lemma sum_matching_le_opt_greedy_union:
  fixes w :: "'a set \<Rightarrow> real"
  assumes E: "finite E" "\<forall>e\<in>E. card e = 2 \<and> 0 \<le> w e"
    and \<pi>: "set \<pi> = E" "sorted_wrt (\<lambda>e f. w e \<ge> w f) \<pi>"
    and Ms: "Ms \<subseteq> E" "is_matching Ms" and "0 < k"
  shows "sum w Ms \<le> 2 * opt w (greedy_union \<pi> k S)
           + (\<Sum>f\<in>Ms - greedy_union \<pi> k S. w f * real (card (free_clusters \<pi> k S f)) / real k)"
proof -
  define H where "H = greedy_union \<pi> k S"
  have "finite Ms" using Ms(1) E(1) finite_subset by blast
  have swap: "(\<Sum>i<k. sum w {f\<in>Ms - H. free_in_cluster \<pi> S i f})
      = (\<Sum>f\<in>Ms - H. w f * real (card (free_clusters \<pi> k S f)))"
    unfolding free_clusters_def using \<open>finite Ms\<close> by (intro sum_lessThan_sum_filter) simp
  have "real k * sum w Ms = (\<Sum>i<k. sum w Ms)" by simp
  also have "\<dots> \<le> (\<Sum>i<k. 2 * opt w H + sum w {f\<in>Ms - H. free_in_cluster \<pi> S i f})"
    unfolding H_def by (intro sum_mono sum_matching_le_opt_greedy_union_cluster[OF E \<pi> Ms]) simp
  also have "\<dots> = real k * (2 * opt w H) + (\<Sum>f\<in>Ms - H. w f * real (card (free_clusters \<pi> k S f)))"
    unfolding sum.distrib swap by simp
  finally have "real k * sum w Ms \<le> real k * (2 * opt w H) + (\<Sum>f\<in>Ms - H. w f * real (card (free_clusters \<pi> k S f)))" .
  moreover have "\<And>x y z. real k * x \<le> real k * y + z \<Longrightarrow> x \<le> y + z / real k"
    using \<open>0 < k\<close> by (simp add: field_simps)
  ultimately show ?thesis
    unfolding H_def sum_divide_distrib[symmetric] by blast
qed

section \<open>Clusters of a single edge avoiding a given set\<close>

lemma binomial_Suc_mult: "Suc m * (n choose Suc m) = (n - m) * (n choose m)"
  by (simp only: binomial_absorption binomial_absorb_comp)

lemma binomial_mult_power_le:
  assumes "a \<le> k"
  shows "real (a choose m) * real k ^ m \<le> real a ^ m * real (k choose m)"
proof (induction m)
  case (Suc m)
  have a: "real (Suc m) * real (a choose Suc m) = real (a - m) * real (a choose m)"
    by (metis binomial_Suc_mult of_nat_mult)
  have k: "real (Suc m) * real (k choose Suc m) = real (k - m) * real (k choose m)"
    by (metis binomial_Suc_mult of_nat_mult)
  have "real (a - m) * real k \<le> real a * real (k - m)"
  proof (cases "m \<le> a")
    case True
    then have "m \<le> k" using assms by linarith
    then show ?thesis using True assms by (simp add: of_nat_diff algebra_simps mult_right_mono)
  qed simp
  then have "real (Suc m) * (real (a choose Suc m) * real k ^ Suc m)
      \<le> real (Suc m) * (real a ^ Suc m * real (k choose Suc m))"
  proof -
    have "real (Suc m) * (real (a choose Suc m) * real k ^ Suc m)
        = (real (Suc m) * real (a choose Suc m)) * (real k ^ m * real k)"
      by (simp only: power_Suc mult_ac)
    also have "\<dots> = (real (a choose m) * real k ^ m) * (real (a - m) * real k)"
      by (simp only: a mult_ac)
    also have "\<dots> \<le> (real a ^ m * real (k choose m)) * (real a * real (k - m))"
      using Suc.IH \<open>real (a - m) * real k \<le> real a * real (k - m)\<close> by (rule mult_mono) simp_all
    also have "\<dots> = (real a ^ m * real a) * (real (k - m) * real (k choose m))"
      by (simp only: mult_ac)
    also have "\<dots> = real (Suc m) * (real a ^ Suc m * real (k choose Suc m))"
      unfolding k[symmetric] by (simp only: power_Suc mult_ac)
    finally show ?thesis .
  qed
  then show ?case by (simp only: mult_le_cancel_left_pos of_nat_0_less_iff zero_less_Suc)
qed simp

lemma expectation_pmf_of_subsets_avoid:
  fixes I :: "nat set"
  assumes "I \<subseteq> {..<k}" "m \<le> k" "0 < k"
  shows "measure_pmf.expectation (pmf_of_set {S. S \<subseteq> {..<k} \<and> card S = m}) (\<lambda>S. of_bool (S \<inter> I = {}))
         \<le> (1 - real (card I) / real k) ^ m"
proof -
  define \<S> where "\<S> = {S. S \<subseteq> {..<k} \<and> card S = m}"
  have "finite \<S>" unfolding \<S>_def by (rule finite_subset[of _ "Pow {..<k}"]) auto
  have "{..<m} \<in> \<S>" using assms(2) unfolding \<S>_def by auto
  then have "\<S> \<noteq> {}" by blast
  have "card I \<le> k" using assms(1) card_mono[of "{..<k}" I] by simp
  have "\<S> \<inter> {S. S \<inter> I = {}} = {S. S \<subseteq> {..<k} - I \<and> card S = m}" unfolding \<S>_def by blast
  moreover have "card ({..<k} - I) = k - card I"
    using assms(1) by (simp add: card_Diff_subset finite_subset)
  ultimately have avoid: "card (\<S> \<inter> {S. S \<inter> I = {}}) = (k - card I) choose m"
    using n_subsets[of "{..<k} - I" m] by simp
  have "measure_pmf.expectation (pmf_of_set \<S>) (\<lambda>S. of_bool (S \<inter> I = {}))
      = real ((k - card I) choose m) / real (k choose m)"
    using \<open>finite \<S>\<close> \<open>\<S> \<noteq> {}\<close> avoid n_subsets[of "{..<k}" m]
    by (simp add: integral_pmf_of_set \<S>_def)
  also have "\<dots> \<le> (real (k - card I) / real k) ^ m"
    using binomial_mult_power_le[of "k - card I" k m] assms(2,3)
    by (simp add: field_simps power_divide)
  also have "\<dots> = (1 - real (card I) / real k) ^ m"
    using \<open>card I \<le> k\<close> assms(3) by (simp add: of_nat_diff field_simps)
  finally show ?thesis unfolding \<S>_def .
qed

lemma set_pmf_of_set_subsets_card:
  assumes "m \<le> k"
  shows "set_pmf (pmf_of_set {S. S \<subseteq> {..<k} \<and> card S = m}) = {S. S \<subseteq> {..<k} \<and> card S = m}"
proof (rule set_pmf_of_set)
  show "{S. S \<subseteq> {..<k} \<and> card S = m} \<noteq> {}"
    using assms by (intro ex_in_conv[THEN iffD1] exI[of _ "{..<m}"]) auto
  show "finite {S. S \<subseteq> {..<k} \<and> card S = m}"
    by (rule finite_subset[of _ "Pow {..<k}"]) auto
qed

§ Problem details
In the material above, transcribe exactly the lines beginning at the one with "ultimately show ?thesis" and ending at the one with "using Suc.IH \<open>real", both included.

§ Solved exercise
  ultimately show ?thesis
    unfolding H_def sum_divide_distrib[symmetric] by blast
qed

section \<open>Clusters of a single edge avoiding a given set\<close>

lemma binomial_Suc_mult: "Suc m * (n choose Suc m) = (n - m) * (n choose m)"
  by (simp only: binomial_absorption binomial_absorb_comp)

lemma binomial_mult_power_le:
  assumes "a \<le> k"
  shows "real (a choose m) * real k ^ m \<le> real a ^ m * real (k choose m)"
proof (induction m)
  case (Suc m)
  have a: "real (Suc m) * real (a choose Suc m) = real (a - m) * real (a choose m)"
    by (metis binomial_Suc_mult of_nat_mult)
  have k: "real (Suc m) * real (k choose Suc m) = real (k - m) * real (k choose m)"
    by (metis binomial_Suc_mult of_nat_mult)
  have "real (a - m) * real k \<le> real a * real (k - m)"
  proof (cases "m \<le> a")
    case True
    then have "m \<le> k" using assms by linarith
    then show ?thesis using True assms by (simp add: of_nat_diff algebra_simps mult_right_mono)
  qed simp
  then have "real (Suc m) * (real (a choose Suc m) * real k ^ Suc m)
      \<le> real (Suc m) * (real a ^ Suc m * real (k choose Suc m))"
  proof -
    have "real (Suc m) * (real (a choose Suc m) * real k ^ Suc m)
        = (real (Suc m) * real (a choose Suc m)) * (real k ^ m * real k)"
      by (simp only: power_Suc mult_ac)
    also have "\<dots> = (real (a choose m) * real k ^ m) * (real (a - m) * real k)"
      by (simp only: a mult_ac)
    also have "\<dots> \<le> (real a ^ m * real (k choose m)) * (real a * real (k - m))"
      using Suc.IH \<open>real (a - m) * real k \<le> real a * real (k - m)\<close> by (rule mult_mono) simp_all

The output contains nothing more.